One's congregation becomes one's community and support group. This phenomenon has given church-based associations much popularity as well as much power over their members.4 Individuals' lives are regulated by codes of dress and conduct, while they enjoy the community support and care much more than they enjoy the ministries of the regular church staff (ministers and lay leaders). In this way, laypeople are taking care to meet their needs themselves. A common perception is that if you do not belong to an association in a congregation, you may as well not be on the congregation's membership roll. The one clear function of the church in Africa is that of providing an active, supportive community for a people accustomed to living in caring communities.

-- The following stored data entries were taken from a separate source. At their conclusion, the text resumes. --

text \<open>Near 0, the difference of two solutions is annihilated by z \<Sum> T1^i T2^(p-1-i) - 1,
  which is close to -1.\<close>

lemma fc_solutions_agree_near_0:
  fixes T1 T2 :: "complex \<Rightarrow> complex"
  assumes S: "open S" "0 \<in> S" and c: "isCont T1 0" "isCont T2 0"
    and e1: "\<And>z. z \<in> S \<Longrightarrow> z * T1 z ^ p - T1 z + 1 = 0"
    and e2: "\<And>z. z \<in> S \<Longrightarrow> z * T2 z ^ p - T2 z + 1 = 0"
  obtains r where "r > 0" "ball 0 r \<subseteq> S" "\<And>z. z \<in> ball 0 r \<Longrightarrow> T1 z = T2 z"
proof -
  define h where "h z = z * (\<Sum>i<p. T2 z ^ (p - Suc i) * T1 z ^ i) - 1" for z
  have "isCont h 0" unfolding h_def by (intro continuous_intros c)
  moreover have "h 0 \<noteq> 0" by (simp add: h_def)
  ultimately obtain e where e: "e > 0" "\<And>y. dist 0 y < e \<Longrightarrow> h y \<noteq> 0"
    using continuous_at_avoid by blast
  obtain d where d: "d > 0" "ball 0 d \<subseteq> S" using S openE by blast
  show ?thesis
  proof (rule that[of "min e d"])
    fix z :: complex assume z: "z \<in> ball 0 (min e d)"
    then have "z \<in> S" using d by auto
    have "0 = (z * T1 z ^ p - T1 z + 1) - (z * T2 z ^ p - T2 z + 1)"
      using e1[OF \<open>z \<in> S\<close>] e2[OF \<open>z \<in> S\<close>] by simp
    also have "\<dots> = z * (T1 z ^ p - T2 z ^ p) - (T1 z - T2 z)" by (simp add: algebra_simps)
    also have "\<dots> = (T1 z - T2 z) * h z" unfolding h_def power_diff_sumr2 by (simp add: algebra_simps)
    finally show "T1 z = T2 z" using z e by auto
  qed (use e d in auto)
qed

lemma FussCatalan_eq_inv_dominant_root:
  assumes p: "p \<ge> 2"
  shows "FussCatalan p = inv_dominant_root p"
  unfolding FussCatalan_def
proof (rule the_equality)
  show "inv_dominant_root p holomorphic_on FC_dom p \<and> inv_dominant_root p 0 = 1 \<and>
      (\<forall>z\<in>FC_dom p. z * inv_dominant_root p z ^ p - inv_dominant_root p z + 1 = 0) \<and>
      (\<forall>z. z \<notin> FC_dom p \<longrightarrow> inv_dominant_root p z = 0)"
    using inv_dominant_root_holomorphic inv_dominant_root_0 inv_dominant_root_equation p
    by (simp add: inv_dominant_root_def)
  fix T assume T: "T holomorphic_on FC_dom p \<and> T 0 = 1 \<and>
      (\<forall>z\<in>FC_dom p. z * T z ^ p - T z + 1 = 0) \<and> (\<forall>z. z \<notin> FC_dom p \<longrightarrow> T z = 0)"
  have cont: "isCont F 0" if "F holomorphic_on FC_dom p" for F
    using that zero_in_FC_dom[OF p] open_FC_dom
    by (meson continuous_on_eq_continuous_at holomorphic_on_imp_continuous_on)
  obtain r where r: "r > 0" "ball 0 r \<subseteq> FC_dom p" "\<And>z. z \<in> ball 0 r \<Longrightarrow> T z = inv_dominant_root p z"
    using fc_solutions_agree_near_0[OF open_FC_dom zero_in_FC_dom[OF p],
        of T "inv_dominant_root p"] T cont inv_dominant_root_holomorphic[OF p]
      inv_dominant_root_equation[OF p]
    by metis
  show "T = inv_dominant_root p"
  proof
    fix z show "T z = inv_dominant_root p z"
    proof (cases "z \<in> FC_dom p")
      case True
      show ?thesis
        by (rule analytic_continuation_open[of "ball 0 r" "FC_dom p" T "inv_dominant_root p" z])
           (use r T inv_dominant_root_holomorphic[OF p] True open_FC_dom
              starlike_imp_connected[OF starlike_FC_dom[OF p]] in auto)
    qed (use T in \<open>simp add: inv_dominant_root_def\<close>)
  qed
qed
(* $M_{2^\infty}(\mathbb{C})$ is a maximal $C^*$-subalgebra of $M_{2^\infty}(C(\mathbb{T}))$; concretely, $\mathcal{F}_2$ is a maximal $C^*$-subalgebra of $\mathcal{B}_2$, i.e. every $C^*$-subalgebra $C$ with $\mathcal{F}_2\subseteq C\subseteq\mathcal{B}_2$ equals $\mathcal{F}_2$ or $\mathcal{B}_2$.
   Context: $\mathcal{Q}_2$ is the universal unital $C^*$-algebra generated by a unitary $u$ and an isometry $s_2$ subject to $s_2u=u^2s_2$ and $s_2s_2^*+us_2s_2^*u^{*}=1$; write $s_{2^n}:=s_2^n$. Let $\mathcal{B}_2:=\overline{\operatorname{span}}\{u^ms_{2^n}s_{2^n}^*u^k: m,k\in\mathbb{Z},\,n\ge0\}$ (the fixed-point algebra of the gauge action $u\mapsto u$, $s_2\mapsto ts_2$, $t\in\mathbb{T}$) and $\mathcal{F}_2:=\overline{\operatorname{span}}\{u^ms_{2^n}s_{2^n}^*u^{-k}:0\le m,k\le 2^n-1,\,n\ge0\}\subseteq\mathcal{B}_2$. In the paper, $M_{2^\infty}(C(\mathbb{T}))$ denotes the Bunce–Deddens algebra of type $2^\infty$ and $M_{2^\infty}(\mathbb{C})$ the UHF (CAR) algebra of type $2^\infty$ sitting inside it, via the identification of $\mathcal{B}_2$ with $M_{2^\infty}(C(\mathbb{T}))$ under which $\mathcal{F}_2$ corresponds to $M_{2^\infty}(\mathbb{C})$. Maximal means proper with no $C^*$-subalgebra strictly in between. *)

theory Defs
  imports "HOL-Analysis.Analysis"
begin

class cstar_algebra = real_normed_algebra_1 + banach +
  fixes scaleC :: "complex \<Rightarrow> 'a \<Rightarrow> 'a"
    and cadj :: "'a \<Rightarrow> 'a"
  assumes scaleC_of_real: "scaleC (complex_of_real r) x = scaleR r x"
    and scaleC_add_right: "scaleC a (x + y) = scaleC a x + scaleC a y"
    and scaleC_add_left: "scaleC (a + b) x = scaleC a x + scaleC b x"
    and scaleC_scaleC: "scaleC a (scaleC b x) = scaleC (a * b) x"
    and scaleC_mult_left: "scaleC a (x * y) = scaleC a x * y"
    and scaleC_mult_right: "scaleC a (x * y) = x * scaleC a y"
    and norm_scaleC: "norm (scaleC a x) = cmod a * norm x"
    and cadj_cadj: "cadj (cadj x) = x"
    and cadj_add: "cadj (x + y) = cadj x + cadj y"
    and cadj_scaleC: "cadj (scaleC a x) = scaleC (cnj a) (cadj x)"
    and cadj_mult: "cadj (x * y) = cadj y * cadj x"
    and cstar_identity: "norm (cadj x * x) = (norm x)\<^sup>2"
(* Let $G$ be a group acting on a set $X$. Let $A$ be a nonempty finite subset of $G$ and $Y$ a finite subset of $X$, and suppose $|A\cdot Y|\leq\alpha|A|$ for some $\alpha\in\mathbb{R}_{\geq0}$. Then there exists a nonempty subset $B\subset A$ such that $|CB\cdot Y|\leq\alpha|CB|$ for every finite subset $C$ of $G$.
   Context: $CB=\{cb\mid c\in C,b\in B\}$ and $S\cdot Y=\{s\cdot y\mid s\in S,y\in Y\}$. *)

theory Defs
  imports "HOL-Algebra.Group_Action" Complex_Main
begin

definition act_set :: "('a \<Rightarrow> 'b \<Rightarrow> 'b) \<Rightarrow> 'a set \<Rightarrow> 'b set \<Rightarrow> 'b set"
  where "act_set \<phi> S Y = {\<phi> s y | s y. s \<in> S \<and> y \<in> Y}"

end

theory Submission
  imports Defs
begin

text \<open>
  Following Petridis, pick a nonempty \<open>B \<subseteq> A\<close> minimising the ratio
  \<open>K = |B\<cdot>Y| / |B|\<close>; then \<open>K \<le> |A\<cdot>Y| / |A| \<le> \<alpha>\<close>. The bound \<open>|CB\<cdot>Y| \<le> K |CB|\<close> is proved
  by induction on \<open>C\<close>. Adding an element \<open>c\<close> to \<open>C\<close> adds the translate \<open>cB\<close> to \<open>CB\<close>;
  the part \<open>Z = {b \<in> B. cb \<in> CB}\<close> of \<open>B\<close> contributes nothing new, so \<open>|CB|\<close> grows by
  exactly \<open>|B| - |Z|\<close>, while \<open>|CB\<cdot>Y|\<close> grows by at most \<open>|B\<cdot>Y| - |Z\<cdot>Y|\<close>, because
  \<open>c(Z\<cdot>Y)\<close> is already contained in \<open>CB\<cdot>Y\<close>. Minimality of \<open>B\<close> gives \<open>|Z\<cdot>Y| \<ge> K |Z|\<close>.
\<close>

lemma act_set_eq_image: "act_set \<phi> S Y = (\<lambda>(s, y). \<phi> s y) ` (S \<times> Y)"
  unfolding act_set_def by auto

lemma finite_act_set: "finite S \<Longrightarrow> finite Y \<Longrightarrow> finite (act_set \<phi> S Y)"
  unfolding act_set_eq_image by simp

lemma act_set_mono: "S \<subseteq> T \<Longrightarrow> act_set \<phi> S Y \<subseteq> act_set \<phi> T Y"
  unfolding act_set_def by blast

lemma act_set_Un: "act_set \<phi> (S \<union> T) Y = act_set \<phi> S Y \<union> act_set \<phi> T Y"
  unfolding act_set_def by blast

lemma finite_set_mult: "finite C \<Longrightarrow> finite B \<Longrightarrow> finite (C <#>\<^bsub>G\<^esub> B)"
  unfolding set_mult_def by simp

lemma set_mult_insert: "insert c C <#>\<^bsub>G\<^esub> B = (C <#>\<^bsub>G\<^esub> B) \<union> (c <#\<^bsub>G\<^esub> B)"
  unfolding set_mult_def l_coset_def by blast

lemma card_Un_image_add_card_preimage:
  assumes "finite D" "finite B" "inj_on f B"
  shows "card (D \<union> f ` B) + card {b \<in> B. f b \<in> D} = card D + card B"
proof -
  have "D \<inter> f ` B = f ` {b \<in> B. f b \<in> D}" by blast
  moreover have "card (f ` {b \<in> B. f b \<in> D}) = card {b \<in> B. f b \<in> D}"
    using assms(3) by (simp add: card_image inj_on_subset)
  ultimately show ?thesis
    using card_Un_Int[of D "f ` B"] assms by (simp add: card_image)
qed

lemma obtain_subset_minimising_ratio:
  fixes f :: "'a set \<Rightarrow> nat"
  assumes "finite A" "A \<noteq> {}"
  obtains B and K :: real where "B \<subseteq> A" "B \<noteq> {}" "K * card A \<le> f A" "f B = K * card B"
    "\<And>Z. Z \<subseteq> B \<Longrightarrow> K * card Z \<le> f Z"
proof -
  define ratio where "ratio Z = real (f Z) / real (card Z)" for Z
  obtain B where B: "B \<in> {B. B \<subseteq> A \<and> B \<noteq> {}}"
    and B_min: "\<And>Z. Z \<in> {B. B \<subseteq> A \<and> B \<noteq> {}} \<Longrightarrow> ratio B \<le> ratio Z"
    using ex_is_arg_min_if_finite[of "{B. B \<subseteq> A \<and> B \<noteq> {}}" ratio] assms
    by (auto simp: is_arg_min_linorder)
  have ratio_le: "ratio B * card Z \<le> f Z" if "Z \<subseteq> A" for Z
  proof (cases "Z = {}")
    case False
    with that assms(1) have "card Z > 0"
      by (simp add: card_gt_0_iff finite_subset)
    with B_min[of Z] that False show ?thesis
      by (simp add: ratio_def le_divide_eq)
  qed simp
  show thesis
  proof (rule that)
    show "B \<subseteq> A" "B \<noteq> {}" using B by auto
    show "ratio B * card A \<le> f A" using ratio_le by simp
    show "ratio B * card Z \<le> f Z" if "Z \<subseteq> B" for Z using ratio_le that \<open>B \<subseteq> A\<close> by blast
    have "card B > 0" using \<open>B \<subseteq> A\<close> \<open>B \<noteq> {}\<close> assms(1) by (simp add: card_gt_0_iff finite_subset)
    then show "f B = ratio B * card B" by (simp add: ratio_def)
  qed
qed

context group_action
begin

lemma is_group: "group G"
  using group_hom group_hom.axioms(1) by blast

lemma l_coset_eq_image: "c <# B = (\<lambda>b. c \<otimes> b) ` B"
  unfolding l_coset_def by blast

lemma card_Un_l_coset:
  assumes "c \<in> carrier G" "B \<subseteq> carrier G" "finite D" "finite B"
  shows "card (D \<union> (c <# B)) + card {b \<in> B. c \<otimes> b \<in> D} = card D + card B"
  unfolding l_coset_eq_image
  using assms card_Un_image_add_card_preimage
    inj_on_subset[OF group.inj_on_cmult[OF is_group assms(1)] assms(2)]
  by blast

lemma act_set_l_coset:
  assumes "c \<in> carrier G" "B \<subseteq> carrier G" "Y \<subseteq> E"
  shows "act_set \<phi> (c <# B) Y = \<phi> c ` act_set \<phi> B Y"
proof -
  have "act_set \<phi> (c <# B) Y = (\<lambda>(b, y). \<phi> (c \<otimes> b) y) ` (B \<times> Y)"
    unfolding act_set_def l_coset_eq_image by (auto simp: image_iff)
  also have "\<dots> = (\<lambda>(b, y). \<phi> c (\<phi> b y)) ` (B \<times> Y)"
    using assms by (intro image_cong) (auto simp: composition_rule subset_iff)
  also have "\<dots> = \<phi> c ` act_set \<phi> B Y"
    by (simp add: act_set_eq_image image_image case_prod_unfold)
  finally show ?thesis .
qed

lemma act_set_subset:
  assumes "S \<subseteq> carrier G" "Y \<subseteq> E"
  shows "act_set \<phi> S Y \<subseteq> E"
  unfolding act_set_def using assms element_image by blast

lemma card_act_set_Un_l_coset:
  assumes "c \<in> carrier G" "D \<subseteq> carrier G" "B \<subseteq> carrier G" "finite D" "finite B"
    and "Y \<subseteq> E" "finite Y"
  shows "card (act_set \<phi> (D \<union> (c <# B)) Y) + card (act_set \<phi> {b \<in> B. c \<otimes> b \<in> D} Y)
    \<le> card (act_set \<phi> D Y) + card (act_set \<phi> B Y)"
proof -
  let ?DY = "act_set \<phi> D Y" and ?BY = "act_set \<phi> B Y"
    and ?ZY = "act_set \<phi> {b \<in> B. c \<otimes> b \<in> D} Y"
  have fin: "finite ?DY" "finite (\<phi> c ` ?BY)"
    using assms finite_act_set by blast+
  let ?cZ = "c <# {b \<in> B. c \<otimes> b \<in> D}"
  have "?cZ \<subseteq> D" "?cZ \<subseteq> c <# B"
    by (auto simp: l_coset_def)
  then have "act_set \<phi> ?cZ Y \<subseteq> ?DY" "act_set \<phi> ?cZ Y \<subseteq> \<phi> c ` ?BY"
    by (simp_all add: act_set_mono flip: act_set_l_coset[OF assms(1,3,6)])
  moreover have "act_set \<phi> ?cZ Y = \<phi> c ` ?ZY"
    by (rule act_set_l_coset) (use assms in auto)
  ultimately have ZY_sub: "\<phi> c ` ?ZY \<subseteq> ?DY \<inter> \<phi> c ` ?BY"
    by simp
  have "?ZY \<subseteq> E"
    by (rule act_set_subset) (use assms in auto)
  then have "inj_on (\<phi> c) ?ZY"
    by (rule inj_on_subset[OF inj_prop[OF assms(1)]])
  then have "card ?ZY = card (\<phi> c ` ?ZY)"
    by (simp add: card_image)
  also have "\<dots> \<le> card (?DY \<inter> \<phi> c ` ?BY)"
    using ZY_sub fin by (simp add: card_mono)
  finally have "card ?ZY \<le> card (?DY \<inter> \<phi> c ` ?BY)" .
  moreover have "card (\<phi> c ` ?BY) \<le> card ?BY"
    using assms by (simp add: card_image_le finite_act_set)
  ultimately show ?thesis
    using card_Un_Int[OF fin] assms
    by (simp add: act_set_Un act_set_l_coset)
qed

lemma card_act_set_set_mult_le:
  fixes K :: real
  assumes B: "B \<subseteq> carrier G" "finite B" and Y: "Y \<subseteq> E" "finite Y"
    and B_le: "card (act_set \<phi> B Y) \<le> K * card B"
    and B_min: "\<And>Z. Z \<subseteq> B \<Longrightarrow> K * card Z \<le> card (act_set \<phi> Z Y)"
    and C: "C \<subseteq> carrier G" "finite C"
  shows "card (act_set \<phi> (C <#> B) Y) \<le> K * card (C <#> B)"
  using C(2,1)
proof (induction C rule: finite_induct)
  case empty
  then show ?case by (simp add: set_mult_def act_set_def)
next
  case (insert c C)
  define D where "D = C <#> B"
  define Z where "Z = {b \<in> B. c \<otimes> b \<in> D}"
  have c: "c \<in> carrier G" and D: "D \<subseteq> carrier G" "finite D"
    using insert B finite_set_mult monoid.set_mult_closed[OF group.is_monoid[OF is_group]]
    by (auto simp: D_def)
  have card_step: "real (card (D \<union> (c <# B))) + real (card Z) = real (card D) + real (card B)"
    using card_Un_l_coset[OF c B(1) D(2) B(2)] unfolding Z_def
    by (simp only: of_nat_add[symmetric] of_nat_eq_iff)
  have act_step: "real (card (act_set \<phi> (D \<union> (c <# B)) Y)) + real (card (act_set \<phi> Z Y))
      \<le> real (card (act_set \<phi> D Y)) + real (card (act_set \<phi> B Y))"
    using card_act_set_Un_l_coset[OF c D(1) B(1) D(2) B(2) Y] unfolding Z_def
    by (simp only: of_nat_add[symmetric] of_nat_le_iff)
  have "card (act_set \<phi> D Y) \<le> K * card D"
    using insert by (simp add: D_def)
  moreover have "K * card Z \<le> card (act_set \<phi> Z Y)"
    using B_min by (simp add: Z_def)
  moreover have "K * card (D \<union> (c <# B)) + K * card Z = K * card D + K * card B"
    by (simp only: distrib_left[symmetric] card_step)
  ultimately have "card (act_set \<phi> (D \<union> (c <# B)) Y) \<le> K * card (D \<union> (c <# B))"
    using act_step B_le by linarith
  then show ?case
    by (simp add: set_mult_insert D_def)
qed

end

theorem mainTheorem10:
  fixes G (structure) and X :: "'b set" and \<phi> :: "'a \<Rightarrow> 'b \<Rightarrow> 'b"
    and A :: "'a set" and Y :: "'b set" and \<alpha> :: real
  assumes "group_action G X \<phi>"
    and "A \<subseteq> carrier G" and "A \<noteq> {}" and "finite A"
    and "Y \<subseteq> X" and "finite Y"
    and "\<alpha> \<ge> 0"
    and "real (card (act_set \<phi> A Y)) \<le> \<alpha> * real (card A)"
  shows "\<exists>B. B \<subseteq> A \<and> B \<noteq> {} \<and>
           (\<forall>C. C \<subseteq> carrier G \<and> finite C \<longrightarrow>
              real (card (act_set \<phi> (C <#> B) Y)) \<le> \<alpha> * real (card (C <#> B)))"
proof -
  interpret group_action G X \<phi> by fact
  obtain B and K :: real where B: "B \<subseteq> A" "B \<noteq> {}"
    and A_ge: "K * card A \<le> card (act_set \<phi> A Y)"
    and B_eq: "card (act_set \<phi> B Y) = K * card B"
    and B_min: "\<And>Z. Z \<subseteq> B \<Longrightarrow> K * card Z \<le> card (act_set \<phi> Z Y)"
    using obtain_subset_minimising_ratio[OF assms(4,3), of "\<lambda>Z. card (act_set \<phi> Z Y)"] by blast
  have "card A > 0"
    using assms(3,4) by (simp add: card_gt_0_iff)
  moreover have "K * card A \<le> \<alpha> * card A"
    using A_ge assms(8) by linarith
  ultimately have "K \<le> \<alpha>"
    by (simp add: mult_le_cancel_right)
  have B_carrier: "B \<subseteq> carrier G" and B_finite: "finite B"
    using B(1) assms(2,4) finite_subset by auto
  show ?thesis
  proof (intro exI conjI allI impI)
    fix C assume C: "C \<subseteq> carrier G \<and> finite C"
    have "card (act_set \<phi> (C <#> B) Y) \<le> K * card (C <#> B)"
      using card_act_set_set_mult_le[OF B_carrier B_finite assms(5,6) B_eq[THEN eq_refl] B_min]
        C by blast
    also have "\<dots> \<le> \<alpha> * card (C <#> B)"
      using \<open>K \<le> \<alpha>\<close> by (simp add: mult_right_mono)
    finally show "card (act_set \<phi> (C <#> B) Y) \<le> \<alpha> * card (C <#> B)" .
  qed (use B in auto)
qed

end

As an organization, the church is very much alive in Africa. As a model of community, it serves the function of sustaining the hope that human beings can love and care for one another. What nurtures this hope varies from congregation to congregation and from one type of church to the other. On the other hand, the church can also be described as the worst example of divisiveness and intolerance of diversity and dissent.
THE FUTURE CHURCH. ITS MISSION
The vision I have of the church is quite simply this: It should be a community that demonstrates to Africa how variety and diversity may become a blessing. In other words, it should pick up the traditional African communal principles, enhance them with the good news of Jesus Christ, and enable caring communities to develop and thrive. The future church should become once more the vehicle of good news to the world. The future of the church in Africa depends on embarking afresh on its mission to be Christ in Africa. This broad agenda involves attending to several urgent matters, foremost of which, in my judgment, are the effects of the global economic system, which, in Africa, manifests itself in terms of national debt and economic structural-adjustment programs that have eroded the sovereignty of African nations and spread militarism on the continent.
Those who watch the world from TV screens can describe vividly what it means to be poor in Africa. The question Who are the poor? begins to
4Women's associations, especially the uniformed ones, and church youth groups exhibit this tendency. So also do prayer groups and, often, the music groups of churches. When there is a bereavement, the solidarity of these groups is most visible. In a recent conversation, K. A. Dickson, President of Methodist Church Ghana, confirmed the increase in the hold of these associations on their members.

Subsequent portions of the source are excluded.